Check every line of the data below for the string "finite", and copy the ones that hold it.

──────

(* Let $L:[0,T]\times\mathbb{R}^N\times\mathbb{R}^N\to\mathbb{R}\cup\{\pm\infty\}$ satisfy (L1)–(L5), let $g:\mathbb{R}^N\to\mathbb{R}\cup\{\pm\infty\}$ be proper and lower semicontinuous, and let $V$ be the value function associated with $L$ and $g$. Then for every $(t_0,x_0)\in\mathrm{dom}\,V\cap(0,T]\times\mathbb{R}^N$ and every $v_0\in\mathrm{dom}\,L(t_0,x_0,\cdot)$, one has $dV(t_0,x_0)(-1,-v_0)\leq L(t_0,x_0,v_0)$.
   Context: $\mathbb{B}_R$ is the closed ball of radius $R$ at $0$; $\mathrm{dom}\,\varphi=\{z:\varphi(z)\neq\pm\infty\}$; $\varphi$ is proper if it never equals $-\infty$ and is not identically $+\infty$. Value function: for $t_0\in[0,T)$, $V(t_0,x_0)=\inf\{g(x(T))+\int_{t_0}^TL(t,x(t),\dot x(t))\,dt\}$ over absolutely continuous $x:[t_0,T]\to\mathbb{R}^N$ with $x(t_0)=x_0$; $V(T,x_0)=g(x_0)$. $V$ is regarded as $+\infty$ outside $[0,T]\times\mathbb{R}^N$. Subderivative at $z$ with $\varphi(z)$ finite: $d\varphi(z)(v)=\liminf_{\tau\to0^+,\,y\to v}(\varphi(z+\tau y)-\varphi(z))/\tau$. (L1) $L$ is lower semicontinuous in all variables. (L2) $L(t,x,\cdot)$ is convex and proper for every $t,x$. (L3) for every $(t,x,v)$ and every $(t_n,x_n)\to(t,x)$ there exist $v_n\to v$ with $L(t_n,x_n,v_n)\to L(t,x,v)$. (L4) for every $R\geq0$ there is $C_R\geq0$ with $L(t,x,v)=+\infty$ whenever $t\in[0,T]$, $x\in\mathbb{B}_R$, $|v|>C_R$. (L5) there are an integrable $c:[0,T]\to[0,\infty)$ and a null set $\mathcal{N}$ with $L(t,x,v)=+\infty$ whenever $t\notin\mathcal{N}$ and $|v|>c(t)(1+|x|)$. *)

theory Defs
  imports "HOL-Analysis.Analysis"
begin

definition proper_fn :: "('b \<Rightarrow> ereal) \<Rightarrow> bool" where
  "proper_fn \<phi> \<longleftrightarrow> (\<forall>z. \<phi> z \<noteq> -\<infinity>) \<and> (\<exists>z. \<phi> z \<noteq> \<infinity>)"

definition lsc_on :: "'b::metric_space set \<Rightarrow> ('b \<Rightarrow> ereal) \<Rightarrow> bool" where
  "lsc_on S f \<longleftrightarrow> (\<forall>z\<in>S. \<forall>X. (\<forall>n. X n \<in> S) \<longrightarrow> X \<longlonglongrightarrow> z \<longrightarrow> f z \<le> liminf (\<lambda>n. f (X n)))"

text \<open>Convexity of an extended-real valued function (with \<open>0 * \<infinity> = 0\<close>).\<close>
definition ereal_convex :: "('b::real_vector \<Rightarrow> ereal) \<Rightarrow> bool" where
  "ereal_convex f \<longleftrightarrow> (\<forall>u v (s::real). 0 \<le> s \<longrightarrow> s \<le> 1 \<longrightarrow>
     f (s *\<^sub>R u + (1 - s) *\<^sub>R v) \<le> ereal s * f u + ereal (1 - s) * f v)"

definition abs_cont_on :: "real \<Rightarrow> real \<Rightarrow> (real \<Rightarrow> 'b::real_normed_vector) \<Rightarrow> bool" where
  "abs_cont_on a b x \<longleftrightarrow>
     (\<forall>\<epsilon>>0. \<exists>\<delta>>0. \<forall>(n::nat) (l::nat \<Rightarrow> real) (r::nat \<Rightarrow> real).
        (\<forall>k<n. a \<le> l k \<and> l k \<le> r k \<and> r k \<le> b) \<longrightarrow>
        (\<forall>i<n. \<forall>j<n. i \<noteq> j \<longrightarrow> {l i<..<r i} \<inter> {l j<..<r j} = {}) \<longrightarrow>
        (\<Sum>k<n. r k - l k) < \<delta> \<longrightarrow>
        (\<Sum>k<n. norm (x (r k) - x (l k))) < \<epsilon>)"

definition ext_integral :: "real set \<Rightarrow> (real \<Rightarrow> ereal) \<Rightarrow> ereal" where
  "ext_integral S h =
     (if (\<integral>\<^sup>+ t\<in>S. e2ennreal (- h t) \<partial>lebesgue) = \<infinity> then \<infinity>
      else enn2ereal (\<integral>\<^sup>+ t\<in>S. e2ennreal (h t) \<partial>lebesgue)
         - enn2ereal (\<integral>\<^sup>+ t\<in>S. e2ennreal (- h t) \<partial>lebesgue))"

definition value_fn :: "real \<Rightarrow> (real \<Rightarrow> 'a::euclidean_space \<Rightarrow> 'a \<Rightarrow> ereal) \<Rightarrow> ('a \<Rightarrow> ereal)
    \<Rightarrow> real \<times> 'a \<Rightarrow> ereal" where
  "value_fn T L g = (\<lambda>(t0, x0).
     if t0 = T then g x0
     else if 0 \<le> t0 \<and> t0 < T then
       (INF x \<in> {x. abs_cont_on t0 T x \<and> x t0 = x0}.
          g (x T) + ext_integral {t0..T}
            (\<lambda>t. L t (x t) (vector_derivative x (at t within {t0..T}))))
     else \<infinity>)"

definition subderiv :: "('b::real_normed_vector \<Rightarrow> ereal) \<Rightarrow> 'b \<Rightarrow> 'b \<Rightarrow> ereal" where
  "subderiv \<phi> z w = Liminf (at_right (0::real) \<times>\<^sub>F nhds w)
      (\<lambda>(\<tau>, y). (\<phi> (z + \<tau> *\<^sub>R y) - \<phi> z) / ereal \<tau>)"

end

theory Submission
  imports Defs "HOL-Library.Diagonal_Subsequence"
begin

text \<open>Fix \<open>\<epsilon> > 0\<close>. Convexity of \<open>L(t, x, \<cdot>)\<close> and hypothesis (L3) make the velocities \<open>v\<close> near
  \<open>v\<^sub>0\<close> with \<open>L(t, x, v) < L(t\<^sub>0, x\<^sub>0, v\<^sub>0) + \<epsilon>\<close> a convex-valued, lower hemicontinuous
  multifunction of \<open>(t, x)\<close> near \<open>(t\<^sub>0, x\<^sub>0)\<close>. Michael's selection theorem gives a continuous
  selection \<open>f\<close>, and Peano's theorem an arc \<open>y' = f(t, y)\<close> on \<open>[t\<^sub>0 - \<tau>, t\<^sub>0]\<close> ending at
  \<open>x\<^sub>0\<close>. Its running cost is at most \<open>\<tau> (L(t\<^sub>0, x\<^sub>0, v\<^sub>0) + \<epsilon>)\<close> and its initial point is
  \<open>x\<^sub>0 - \<tau> u\<close> with \<open>u\<close> close to \<open>v\<^sub>0\<close>, so the dynamic programming inequality
  \<open>V(t\<^sub>0 - \<tau>, x\<^sub>0 - \<tau> u) \<le> V(t\<^sub>0, x\<^sub>0) + \<tau> (L(t\<^sub>0, x\<^sub>0, v\<^sub>0) + \<epsilon>)\<close> bounds the
  difference quotients defining \<open>dV(t\<^sub>0, x\<^sub>0)(-1, -v\<^sub>0)\<close>.\<close>

section \<open>Michael's selection theorem\<close>

definition lower_hemicontinuous_on :: "'p::metric_space set \<Rightarrow> ('p \<Rightarrow> 'v::metric_space set) \<Rightarrow> bool" where
  "lower_hemicontinuous_on K \<Phi> \<longleftrightarrow>
     (\<forall>p\<in>K. \<forall>v\<in>\<Phi> p. \<forall>e>0. \<exists>d>0. \<forall>q\<in>K. dist q p < d \<longrightarrow> (\<exists>w\<in>\<Phi> q. dist w v < e))"

lemma lower_hemicontinuous_on_Int_ball:
  fixes \<Phi> :: "'p::metric_space \<Rightarrow> 'v::real_normed_vector set"
  assumes lhc: "lower_hemicontinuous_on K \<Phi>" and cf: "continuous_on K f"
  shows "lower_hemicontinuous_on K (\<lambda>p. \<Phi> p \<inter> ball (f p) r)"
  unfolding lower_hemicontinuous_on_def
proof (intro ballI allI impI)
  fix p v e assume p: "p \<in> K" and v: "v \<in> \<Phi> p \<inter> ball (f p) r" and e: "(e::real) > 0"
  define e' where "e' = min e ((r - dist (f p) v)/2)"
  have e': "e' > 0" using v e by (auto simp: e'_def)
  obtain d1 where d1: "d1 > 0" "\<forall>q\<in>K. dist q p < d1 \<longrightarrow> (\<exists>w\<in>\<Phi> q. dist w v < e')"
    using lhc p v e' unfolding lower_hemicontinuous_on_def by blast
  obtain d2 where d2: "d2 > 0" "\<forall>q\<in>K. dist q p < d2 \<longrightarrow> dist (f q) (f p) < e'"
    using cf p e' unfolding continuous_on_iff by blast
  show "\<exists>d>0. \<forall>q\<in>K. dist q p < d \<longrightarrow> (\<exists>w\<in>\<Phi> q \<inter> ball (f q) r. dist w v < e)"
  proof (intro exI[of _ "min d1 d2"] conjI ballI impI)
    show "min d1 d2 > 0" using d1 d2 by simp
    fix q assume q: "q \<in> K" "dist q p < min d1 d2"
    then obtain w where w: "w \<in> \<Phi> q" "dist w v < e'" using d1 by auto
    have "dist (f q) (f p) < e'" using d2 q by auto
    moreover have "2 * e' \<le> r - dist (f p) v"
    proof -
      have "e' \<le> (r - dist (f p) v)/2" unfolding e'_def by (rule min.cobounded2)
      then show ?thesis by simp
    qed
    ultimately have "dist (f q) w < r"
      using w dist_triangle[of "f q" w "f p"] dist_triangle[of "f p" w v] dist_commute[of v w]
      by linarith
    then show "\<exists>w\<in>\<Phi> q \<inter> ball (f q) r. dist w v < e" using w e'_def by (intro bexI[of _ w]) auto
  qed
qed

lemma dist_convex_combinations_le:
  fixes V W :: "'p \<Rightarrow> 'v::real_normed_vector"
  assumes "finite F" and c: "\<And>p. p \<in> F \<Longrightarrow> 0 \<le> c p" "sum c F = 1"
    and close: "\<And>p. p \<in> F \<Longrightarrow> c p \<noteq> 0 \<Longrightarrow> dist (V p) (W p) \<le> r"
  shows "dist (\<Sum>p\<in>F. c p *\<^sub>R V p) (\<Sum>p\<in>F. c p *\<^sub>R W p) \<le> r"
proof -
  have "dist (\<Sum>p\<in>F. c p *\<^sub>R V p) (\<Sum>p\<in>F. c p *\<^sub>R W p) \<le> (\<Sum>p\<in>F. norm (c p *\<^sub>R (V p - W p)))"
    unfolding dist_norm sum_subtractf[symmetric] scaleR_diff_right[symmetric] by (rule norm_sum)
  also have "\<dots> \<le> (\<Sum>p\<in>F. c p * r)"
  proof (rule sum_mono)
    fix p assume p: "p \<in> F"
    have "norm (c p *\<^sub>R (V p - W p)) = c p * dist (V p) (W p)" using c(1)[OF p] by (simp add: dist_norm)
    also have "\<dots> \<le> c p * r" using c(1)[OF p] close[OF p] by (cases "c p = 0") (auto intro: mult_left_mono)
    finally show "norm (c p *\<^sub>R (V p - W p)) \<le> c p * r" .
  qed
  also have "\<dots> = sum c F * r" by (rule sum_distrib_right[symmetric])
  finally show ?thesis using c(2) by simp
qed

text \<open>The first step of Michael's selection theorem: values chosen at the centres of a finite
  subcover are glued by a partition of unity; convexity of \<open>\<Phi> q\<close> keeps the glued value near \<open>\<Phi> q\<close>.\<close>
lemma approximate_continuous_selection:
  fixes \<Phi> :: "'p::metric_space \<Rightarrow> 'v::real_normed_vector set"
  assumes K: "compact K" and ne: "\<And>p. p \<in> K \<Longrightarrow> \<Phi> p \<noteq> {}" and cv: "\<And>p. p \<in> K \<Longrightarrow> convex (\<Phi> p)"
    and lhc: "lower_hemicontinuous_on K \<Phi>" and \<eta>: "\<eta> > 0"
  obtains f where "continuous_on K f" "\<And>p. p \<in> K \<Longrightarrow> \<exists>w\<in>\<Phi> p. dist (f p) w < \<eta>"
proof -
  have "\<exists>v d. v \<in> \<Phi> p \<and> d > 0 \<and> (\<forall>q\<in>K. dist q p < d \<longrightarrow> (\<exists>w\<in>\<Phi> q. dist w v < \<eta>/2))"
    if p: "p \<in> K" for p
  proof -
    obtain v where "v \<in> \<Phi> p" using ne[OF p] by blast
    moreover have "\<eta>/2 > 0" using \<eta> by simp
    ultimately show ?thesis using lhc p unfolding lower_hemicontinuous_on_def by blast
  qed
  then obtain V D where VD_choice: "\<forall>p\<in>K. V p \<in> \<Phi> p \<and> D p > 0 \<and>
      (\<forall>q\<in>K. dist q p < D p \<longrightarrow> (\<exists>w\<in>\<Phi> q. dist w (V p) < \<eta>/2))"
    by metis
  then have D: "\<And>p. p \<in> K \<Longrightarrow> D p > 0"
    and VD: "\<And>p q. p \<in> K \<Longrightarrow> q \<in> K \<Longrightarrow> dist q p < D p \<Longrightarrow> \<exists>w\<in>\<Phi> q. dist w (V p) < \<eta>/2"
    by blast+
  have cover: "K \<subseteq> (\<Union>p\<in>K. ball p (D p))" using D by force
  obtain F where F: "F \<subseteq> K" "finite F" "K \<subseteq> (\<Union>p\<in>F. ball p (D p))"
    by (rule compactE_image[OF K _ cover]) auto
  define ph where "ph p q = max 0 (D p - dist q p)" for p q
  define S where "S q = (\<Sum>p\<in>F. ph p q)" for q
  have ph_nonneg: "ph p q \<ge> 0" for p q by (simp add: ph_def)
  have S_pos: "S q > 0" if q: "q \<in> K" for q
  proof -
    obtain p where "p \<in> F" "dist q p < D p" using F(3) q by (force simp: dist_commute)
    then have "ph p q > 0" by (simp add: ph_def)
    then show ?thesis unfolding S_def using F(2) \<open>p \<in> F\<close> ph_nonneg by (metis sum_pos2)
  qed
  define f where "f q = (\<Sum>p\<in>F. (ph p q / S q) *\<^sub>R V p)" for q
  have "continuous_on K f"
    unfolding f_def S_def ph_def
    by (intro continuous_intros) (use S_pos in \<open>force simp: S_def ph_def\<close>)
  moreover have "\<exists>w\<in>\<Phi> q. dist (f q) w < \<eta>" if q: "q \<in> K" for q
  proof -
    have "\<forall>p\<in>F. \<exists>w. w \<in> \<Phi> q \<and> (dist q p < D p \<longrightarrow> dist w (V p) < \<eta>/2)"
      using VD F(1) ne q by blast
    then obtain W where W_choice: "\<forall>p\<in>F. W p \<in> \<Phi> q \<and> (dist q p < D p \<longrightarrow> dist (W p) (V p) < \<eta>/2)"
      by metis
    then have W: "\<And>p. p \<in> F \<Longrightarrow> W p \<in> \<Phi> q"
      and W_close: "\<And>p. p \<in> F \<Longrightarrow> dist q p < D p \<Longrightarrow> dist (W p) (V p) < \<eta>/2"
      by blast+
    define w where "w = (\<Sum>p\<in>F. (ph p q / S q) *\<^sub>R W p)"
    have weights: "(\<Sum>p\<in>F. ph p q / S q) = 1"
      using S_pos[OF q] by (simp add: S_def sum_divide_distrib[symmetric])
    have "w \<in> \<Phi> q" unfolding w_def
      by (rule convex_sum[OF F(2)]) (use cv q weights W ph_nonneg S_pos[OF q] in auto)
    have "dist (V p) (W p) \<le> \<eta>/2" if "p \<in> F" "ph p q / S q \<noteq> 0" for p
    proof -
      have "dist q p < D p" using that(2) by (auto simp: ph_def max_def split: if_splits)
      then show ?thesis using W_close[OF that(1)] by (simp add: dist_commute)
    qed
    then have "dist (f q) w \<le> \<eta>/2" unfolding f_def w_def
      using ph_nonneg S_pos[OF q] weights by (intro dist_convex_combinations_le[OF F(2)]) auto
    then show ?thesis using \<open>w \<in> \<Phi> q\<close> \<eta> by (intro bexI[of _ w]) auto
  qed
  ultimately show ?thesis using that by blast
qed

──────

[RESULT OF THE TASK]
   Context: $\mathbb{B}_R$ is the closed ball of radius $R$ at $0$; $\mathrm{dom}\,\varphi=\{z:\varphi(z)\neq\pm\infty\}$; $\varphi$ is proper if it never equals $-\infty$ and is not identically $+\infty$. Value function: for $t_0\in[0,T)$, $V(t_0,x_0)=\inf\{g(x(T))+\int_{t_0}^TL(t,x(t),\dot x(t))\,dt\}$ over absolutely continuous $x:[t_0,T]\to\mathbb{R}^N$ with $x(t_0)=x_0$; $V(T,x_0)=g(x_0)$. $V$ is regarded as $+\infty$ outside $[0,T]\times\mathbb{R}^N$. Subderivative at $z$ with $\varphi(z)$ finite: $d\varphi(z)(v)=\liminf_{\tau\to0^+,\,y\to v}(\varphi(z+\tau y)-\varphi(z))/\tau$. (L1) $L$ is lower semicontinuous in all variables. (L2) $L(t,x,\cdot)$ is convex and proper for every $t,x$. (L3) for every $(t,x,v)$ and every $(t_n,x_n)\to(t,x)$ there exist $v_n\to v$ with $L(t_n,x_n,v_n)\to L(t,x,v)$. (L4) for every $R\geq0$ there is $C_R\geq0$ with $L(t,x,v)=+\infty$ whenever $t\in[0,T]$, $x\in\mathbb{B}_R$, $|v|>C_R$. (L5) there are an integrable $c:[0,T]\to[0,\infty)$ and a null set $\mathcal{N}$ with $L(t,x,v)=+\infty$ whenever $t\notin\mathcal{N}$ and $|v|>c(t)(1+|x|)$. *)
  assumes "finite F" and c: "\<And>p. p \<in> F \<Longrightarrow> 0 \<le> c p" "sum c F = 1"
text \<open>The first step of Michael's selection theorem: values chosen at the centres of a finite
  obtain F where F: "F \<subseteq> K" "finite F" "K \<subseteq> (\<Union>p\<in>F. ball p (D p))"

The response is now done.